(* Let $\rho$ be a Drinfeld $\mathbb{F}_q[t]$-module of rank $r$ defined over $\overline{k}$ with $\rho_t=\theta+\kappa_1\tau+\cdots+\kappa_{r-1}\tau^{r-1}+\tau^r$, and let $E=(E_{ij})\in\mathrm{Mat}_r(\overline{k}(t))$ satisfy $\Phi_\rho E=E^{(-1)}\Phi_\rho$ (i.e., $\mathbf{m}\mapsto E\mathbf{m}$ is an endomorphism of $M_\rho$). Then: (a) each $E_{ij}$ is regular at $t=\theta,\theta^q,\theta^{q^2},\ldots$; (b) $E_{21}(\theta)=\cdots=E_{r1}(\theta)=0$; (c) $E_{11}(\theta)\in K_\rho$.
   Context: $\mathbb{F}_q$ is the field with $q$ elements, $\theta,t$ independent variables, $A=\mathbb{F}_q[\theta]$, $k=\mathbb{F}_q(\theta)$, $\mathbb{C}_\infty$ the completion of an algebraic closure of $\mathbb{F}_q((1/\theta))$, $\overline{k}$ the algebraic closure of $k$ in $\mathbb{C}_\infty$. For $f=\sum a_it^i\in\mathbb{C}_\infty((t))$, $f^{(n)}=\sum a_i^{q^n}t^i$ (entrywise on matrices; $c^{(n)}=c^{q^n}$ on constants). $\tau$ is the $q$-power Frobenius, $\mathbb{C}_\infty[\tau]$ the twisted polynomial ring acting by $(\sum c_i\tau^i)(x)=\sum c_ix^{q^i}$; $\rho$ is the $\mathbb{F}_q$-algebra map $\mathbb{F}_q[t]\to\overline{k}[\tau]$ determined by $\rho_t$ ($\kappa_i\in\overline{k}$). $\exp_\rho$ is the unique entire $\mathbb{F}_q$-linear series $z+\sum_{i\ge1}\alpha_iz^{q^i}$ with $\exp_\rho(\theta z)=\rho_t(\exp_\rho(z))$; $\Lambda_\rho=\ker\exp_\rho$ is a free $A$-module of rank $r$; $\mathrm{End}(\rho)=\{c\in\mathbb{C}_\infty:c\Lambda_\rho\subseteq\Lambda_\rho\}$ and $K_\rho$ is its fraction field. $\Phi_\rho\in\mathrm{Mat}_r(\overline{k}[t])$ has entries $1$ at $(i,i+1)$ for $1\le i\le r-1$, last row $(t-\theta,-\kappa_1^{(-1)},\dots,-\kappa_{r-1}^{(-(r-1))})$, zeros elsewhere. $M_\rho$ is $\overline{k}(t)^r$ with basis $\mathbf{m}=(m_1,\dots,m_r)^{\mathrm{tr}}$ as a left module over the twisted ring $\overline{k}(t)[\sigma,\sigma^{-1}]$ ($\sigma f=f^{(-1)}\sigma$) with $\sigma\mathbf{m}=\Phi_\rho\mathbf{m}$. *)

theory Defs
  imports "HOL-Computational_Algebra.Polynomial" "HOL-Computational_Algebra.Fraction_Field"
          "Jordan_Normal_Form.Matrix"
begin

definition nonarch_abs :: "('a::field \<Rightarrow> real) \<Rightarrow> bool" where
  "nonarch_abs av \<longleftrightarrow> av 0 = 0 \<and> (\<forall>x. x \<noteq> 0 \<longrightarrow> av x > 0)
     \<and> (\<forall>x y. av (x * y) = av x * av y) \<and> (\<forall>x y. av (x + y) \<le> max (av x) (av y))"

definition conv_to :: "('a::field \<Rightarrow> real) \<Rightarrow> (nat \<Rightarrow> 'a) \<Rightarrow> 'a \<Rightarrow> bool" where
  "conv_to av s L \<longleftrightarrow> (\<forall>e>0. \<exists>N. \<forall>n\<ge>N. av (s n - L) < e)"

definition av_cauchy :: "('a::field \<Rightarrow> real) \<Rightarrow> (nat \<Rightarrow> 'a) \<Rightarrow> bool" where
  "av_cauchy av s \<longleftrightarrow> (\<forall>e>0. \<exists>N. \<forall>m\<ge>N. \<forall>n\<ge>N. av (s m - s n) < e)"

definition av_complete :: "('a::field \<Rightarrow> real) \<Rightarrow> bool" where
  "av_complete av \<longleftrightarrow> (\<forall>s. av_cauchy av s \<longrightarrow> (\<exists>L. conv_to av s L))"

definition alg_closed :: "'a::field itself \<Rightarrow> bool" where
  "alg_closed _ \<longleftrightarrow> (\<forall>p::'a poly. degree p > 0 \<longrightarrow> (\<exists>x. poly p x = 0))"

definition Fq :: "nat \<Rightarrow> 'a::field set" where
  "Fq q = {x. x ^ q = x}"

text \<open>k = F_q(theta) inside the ambient field.\<close>
definition kset :: "nat \<Rightarrow> 'a::field \<Rightarrow> 'a set" where
  "kset q \<theta> = {poly a \<theta> / poly b \<theta> | a b. set (coeffs a) \<subseteq> Fq q \<and> set (coeffs b) \<subseteq> Fq q \<and> b \<noteq> 0}"

definition kbar :: "nat \<Rightarrow> 'a::field \<Rightarrow> 'a set" where
  "kbar q \<theta> = {x. \<exists>p. p \<noteq> 0 \<and> set (coeffs p) \<subseteq> kset q \<theta> \<and> poly p x = 0}"

text \<open>The ambient field C with absolute value av is (a copy of) C_infinity:
  a complete, algebraically closed field of characteristic p (q = p^e), with a
  non-archimedean absolute value with |theta| > 1, in which kbar is dense.\<close>
definition is_C_infty :: "('a::field \<Rightarrow> real) \<Rightarrow> nat \<Rightarrow> 'a \<Rightarrow> bool" where
  "is_C_infty av q \<theta> \<longleftrightarrow>
     (\<exists>p e. prime p \<and> e \<ge> 1 \<and> q = p ^ e \<and> of_nat p = (0::'a))
     \<and> nonarch_abs av \<and> av_complete av \<and> alg_closed TYPE('a) \<and> av \<theta> > 1
     \<and> (\<forall>x. \<forall>e>0. \<exists>y\<in>kbar q \<theta>. av (x - y) < e)"

text \<open>Inverse q-Frobenius c \<mapsto> c^(1/q) (bijective on C_infinity).\<close>
definition frob_inv :: "nat \<Rightarrow> 'a::field \<Rightarrow> 'a" where
  "frob_inv q x = (THE y. y ^ q = x)"

text \<open>Coefficient of tau^i in rho_t for 1 \<le> i \<le> r (kappa_r = 1).\<close>
definition rho_coeff :: "nat \<Rightarrow> (nat \<Rightarrow> 'a::field) \<Rightarrow> nat \<Rightarrow> 'a" where
  "rho_coeff r \<kappa> i = (if i = r then 1 else \<kappa> i)"

text \<open>Coefficients alpha_n of exp_rho, determined by exp(theta z) = rho_t(exp z):
  alpha_n (theta^(q^n) - theta) = sum_{i=1}^{min n r} kappa_i alpha_{n-i}^(q^i).\<close>
function exp_coeff :: "nat \<Rightarrow> 'a::field \<Rightarrow> nat \<Rightarrow> (nat \<Rightarrow> 'a) \<Rightarrow> nat \<Rightarrow> 'a" where
  "exp_coeff q \<theta> r \<kappa> 0 = 1"
| "exp_coeff q \<theta> r \<kappa> (Suc n) =
     (\<Sum>i\<in>{1..min (Suc n) r}. rho_coeff r \<kappa> i * (exp_coeff q \<theta> r \<kappa> (Suc n - i)) ^ (q ^ i))
       / (\<theta> ^ (q ^ Suc n) - \<theta>)"
  by pat_completeness auto
termination
  by (relation "measure (\<lambda>(q, \<theta>, r, \<kappa>, n). n)") auto

definition exp_rho :: "('a::field \<Rightarrow> real) \<Rightarrow> nat \<Rightarrow> 'a \<Rightarrow> nat \<Rightarrow> (nat \<Rightarrow> 'a) \<Rightarrow> 'a \<Rightarrow> 'a" where
  "exp_rho av q \<theta> r \<kappa> z =
     (THE L. conv_to av (\<lambda>N. \<Sum>i<N. exp_coeff q \<theta> r \<kappa> i * z ^ (q ^ i)) L)"

definition Lambda_rho :: "('a::field \<Rightarrow> real) \<Rightarrow> nat \<Rightarrow> 'a \<Rightarrow> nat \<Rightarrow> (nat \<Rightarrow> 'a) \<Rightarrow> 'a set" where
  "Lambda_rho av q \<theta> r \<kappa> = {z. exp_rho av q \<theta> r \<kappa> z = 0}"

definition End_rho :: "('a::field \<Rightarrow> real) \<Rightarrow> nat \<Rightarrow> 'a \<Rightarrow> nat \<Rightarrow> (nat \<Rightarrow> 'a) \<Rightarrow> 'a set" where
  "End_rho av q \<theta> r \<kappa> = {c. \<forall>l\<in>Lambda_rho av q \<theta> r \<kappa>. c * l \<in> Lambda_rho av q \<theta> r \<kappa>}"

definition K_rho :: "('a::field \<Rightarrow> real) \<Rightarrow> nat \<Rightarrow> 'a \<Rightarrow> nat \<Rightarrow> (nat \<Rightarrow> 'a) \<Rightarrow> 'a set" where
  "K_rho av q \<theta> r \<kappa> = {a / b | a b. a \<in> End_rho av q \<theta> r \<kappa> \<and> b \<in> End_rho av q \<theta> r \<kappa> \<and> b \<noteq> 0}"

text \<open>kbar(t), as a subset of C_infinity(t) = 'a poly fract.\<close>
definition kbar_t :: "nat \<Rightarrow> 'a::field \<Rightarrow> 'a poly fract set" where
  "kbar_t q \<theta> = {Fract n d | n d. d \<noteq> 0 \<and> set (coeffs n) \<subseteq> kbar q \<theta> \<and> set (coeffs d) \<subseteq> kbar q \<theta>}"

definition regular_at :: "'a::field poly fract \<Rightarrow> 'a \<Rightarrow> bool" where
  "regular_at x a \<longleftrightarrow> (\<exists>n d. poly d a \<noteq> 0 \<and> x = Fract n d)"

definition eval_at :: "'a::field poly fract \<Rightarrow> 'a \<Rightarrow> 'a" where
  "eval_at x a = (THE v. \<exists>n d. poly d a \<noteq> 0 \<and> x = Fract n d \<and> v = poly n a / poly d a)"

definition twist_inv :: "nat \<Rightarrow> 'a::field poly fract \<Rightarrow> 'a poly fract" where
  "twist_inv q x = (THE y. \<exists>n d. d \<noteq> 0 \<and> x = Fract n d
                        \<and> y = Fract (map_poly (frob_inv q) n) (map_poly (frob_inv q) d))"

text \<open>The matrix Phi_rho (0-based indices).\<close>
definition Phi_rho :: "nat \<Rightarrow> 'a::field \<Rightarrow> nat \<Rightarrow> (nat \<Rightarrow> 'a) \<Rightarrow> 'a poly fract mat" where
  "Phi_rho q \<theta> r \<kappa> = mat r r (\<lambda>(i, j).
     if i + 1 < r then (if j = i + 1 then 1 else 0)
     else if j = 0 then Fract [:- \<theta>, 1:] 1
     else Fract [: - ((frob_inv q ^^ j) (\<kappa> j)) :] 1)"

end

theory Submission
  imports Defs "Jordan_Normal_Form.Char_Poly" "HOL-Library.Function_Algebras"
begin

* [TASK GOAL] What lines in the listing above hold the string "ambient"? List them.

* [RESULT OF THIS TASK]
text \<open>k = F_q(theta) inside the ambient field.\<close>
text \<open>The ambient field C with absolute value av is (a copy of) C_infinity:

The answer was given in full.